I've lost count of how many times I've killed centranthus, commonly known as Jupiter's Beard or red valerian. A lover of hot, fast draining spots, it grows wild in the rocky soil of California. Visits home would fuel my desire to stuff my garden with its glaucas leaves and coral pink flowers, despite my abundance of clumpy clay soil. Driven by the conviction that I could manipulate my garden to grow what I wanted as opposed to what it wanted, I amended the soil, plopped in the plants, and waited. They died, a slow taunting death that reminded me I was not in control.



But a trip to England this summer and a picture of a massive patch of Jupiter's Beard growing in a friends Virginia garden rekindled my desire to try again. Outside of London, I whizzed past chunks of centranthus growing in rocky outcrops along the side of road embankments as I sat folded into the back of a friends 2 1/2 person Peugeot. While I should have been admiring the English countryside, all I could think of was the audacity of those damn plants to grow in a rock pile but die in my wonderfully amended soil. If they wanted a rock pile, I'd give them a rock pile.


The large flower heads are made up of lots of tiny tubular flowers, making Jupiter's Beard attractive to pollinators.


I moved this heavy urn from the top step to the bottom without killing myself. The urn is surrounded by plants waiting to be planted as part of my fall redesign. I'm waiting for rain so I can work the soil and an end to the government shutdown, which has furloughed my husband, so I can buy compost.

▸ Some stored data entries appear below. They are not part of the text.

lemma R_sum_cong_mod_p:
  assumes "0 < n"
  shows "ppow_dvd p 1 (R_sum p n m 1
    - (\<Sum>a=1..n-1. of_nat ((m + n - a - 1) choose (n - 1)) * S_sum p n a 1))"
proof -
  have "R_approx p n m 1 - (\<Sum>a=1..n-1. of_nat ((m + n - a - 1) choose (n - 1)) * S_sum p n a 1)
      = of_nat p ^ 1 * - (\<Sum>a=1..n-1. of_nat ((m + (n - 1 - a)) choose n) * T_sum p n a 1)"
    unfolding R_approx_def sum_subtractf[symmetric] sum_distrib_left sum_negf[symmetric]
    by (rule sum.cong) (auto simp: Suc_diff_Suc)
  also have "ppow_dvd p 1 \<dots>"
    by (intro ppow_dvd_pow_mult loc_int_uminus loc_int_sum loc_int_mult T_sum_loc_int) simp
  finally have "ppow_dvd p 1 (R_approx p n m 1
      - (\<Sum>a=1..n-1. of_nat ((m + n - a - 1) choose (n - 1)) * S_sum p n a 1))" .
  moreover have "ppow_dvd p 1 (R_sum p n m 1 - R_approx p n m 1)"
    using ppow_dvd_mono[OF _ R_sum_approx_cong[OF _ assms]] by simp
  ultimately show ?thesis
    using ppow_dvd_add by fastforce
qed

lemma R_sum_cong_mult_prime_power:
  assumes "0 < n" "n < p"
  shows "ppow_dvd p (d + 2) (R_sum p n M (d + 2) - of_nat M * R_sum p n 1 2 * of_nat p ^ d)"
proof (induction d arbitrary: M)
  case 0
  obtain e where e: "\<And>i. e i \<in> loc_int p" "\<And>M. R_approx p n M 1 = newton_series n e M"
    using R_approx_newton_series by blast
  have approx: "ppow_dvd p 2 (R_sum p n X 1 - newton_series n e X)" for X
    using R_sum_approx_cong[of 1 n X] assms unfolding e by simp
  have "e 0 = 0"
    using e(2)[of 0] by (simp add: R_approx_0)
  then have newton: "ppow_dvd p 2 (newton_series n e (M * p) - of_nat M * newton_series n e p)"
    using assms(2) e(1) by (intro newton_series_mult_prime_cong)
  have "ppow_dvd p 2 ((R_sum p n (M * p) 1 - newton_series n e (M * p))
      + (newton_series n e (M * p) - of_nat M * newton_series n e p)
      - of_nat M * (R_sum p n p 1 - newton_series n e p))"
    using ppow_dvd_diff[OF ppow_dvd_add[OF approx newton] ppow_dvd_mult_left[OF loc_int_of_nat approx]] .
  then show ?case
    using R_sum_Suc[of p n M 1] R_sum_Suc[of p n 1 1] by (simp add: algebra_simps numeral_2_eq_2)
next
  case (Suc d)
  define r where "r = d + 2"
  define c where "c = R_sum p n 1 2 * of_nat p ^ d"
  obtain e where e: "\<And>M. R_approx p n M r = newton_series n e M"
    using R_approx_newton_series by blast
  define e' where "e' = (\<lambda>i. e i - (if i = 1 then c else 0))"
  have approx: "ppow_dvd p (2 * r) (R_sum p n X r - newton_series n e X)" for X
    using R_sum_approx_cong[of r n X] assms unfolding e by (simp add: r_def)
  have g: "newton_series n e' X = newton_series n e X - of_nat X * c" for X
    using newton_series_minus_linear[of n e X c] assms by (simp add: e'_def)
  have "ppow_dvd p r (newton_series n e' X)" for X
  proof -
    have "newton_series n e' X = (R_sum p n X r - of_nat X * c) - (R_sum p n X r - newton_series n e X)"
      by (simp add: g)
    moreover have "ppow_dvd p r (R_sum p n X r - of_nat X * c)"
      using Suc.IH by (simp add: r_def c_def mult.assoc)
    moreover have "ppow_dvd p r (R_sum p n X r - newton_series n e X)"
      using ppow_dvd_mono[OF _ approx] by simp
    ultimately show ?thesis
      by (simp only: ppow_dvd_diff)
  qed
  moreover have "e' 0 = 0"
    using e[of 0] by (simp add: e'_def R_approx_0)
  ultimately have "ppow_dvd p (Suc r) (newton_series n e' (M * p))"
    using assms(2) by (intro newton_series_mult_prime_ppow_dvd) auto
  moreover have "ppow_dvd p (Suc r) (R_sum p n (M * p) r - newton_series n e (M * p))"
    using ppow_dvd_mono[OF _ approx] by (simp add: r_def)
  ultimately have "ppow_dvd p (Suc r) ((R_sum p n (M * p) r - newton_series n e (M * p))
      + newton_series n e' (M * p))"
    by (rule ppow_dvd_add[rotated])
  then show ?case
    using R_sum_Suc[of p n M r] by (simp add: g r_def c_def algebra_simps)
qed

Except I didn't have a rock pile so I made one. I moved a mostly miserable 'Karley Rose' pennisetum out of this urn to a sunnier spot, stuffed the depleted soil with 10 cups of pea gravel, and planted a single centrathus. It grew. It flowered. I'm happy.


At last!

Minor Mysteries 

I've decided I'm not much of a vegetable gardener. With the exception of tomatoes, I choose my vegetables based on how much I enjoy eating them and the attractiveness of their foliage. I grew 'Sweet Chocolate' peppers in a pot surrounded by annuals and perennials, and imagined the purple-brown peppers as sweet accents to my garden design. Except I didn't grow a single purpleish brown pepper. What grew instead were red, heart shaped peppers that tasted like a pimento and don't match anything from the website where I purchased the seeds. But I've decided that's just fine. They're tasty. They're mysterious. I'm happy.


Mystery peppers


Risks of Questionable Size

I am a calculated risk taker. Gamble away hard earned money on dice or cards? Oh, sweet Mother of God, no way. Start a garden club and invite total strangers to your house? Sure, no problem. So when I decided to move a 'Major Wheeler' honeysuckle out of a pot - because honeysuckle doesn't want to grow in a pot - and into the soil at the base of a massive trumpet creeper, it seemed like a good idea. I still think it's a good idea.

This is what my trumpet creeper looks like today. I'll prune out any weird branches this winter. My neighbors and I love this vine. It gives us both privacy, flowers, and hummingbirds.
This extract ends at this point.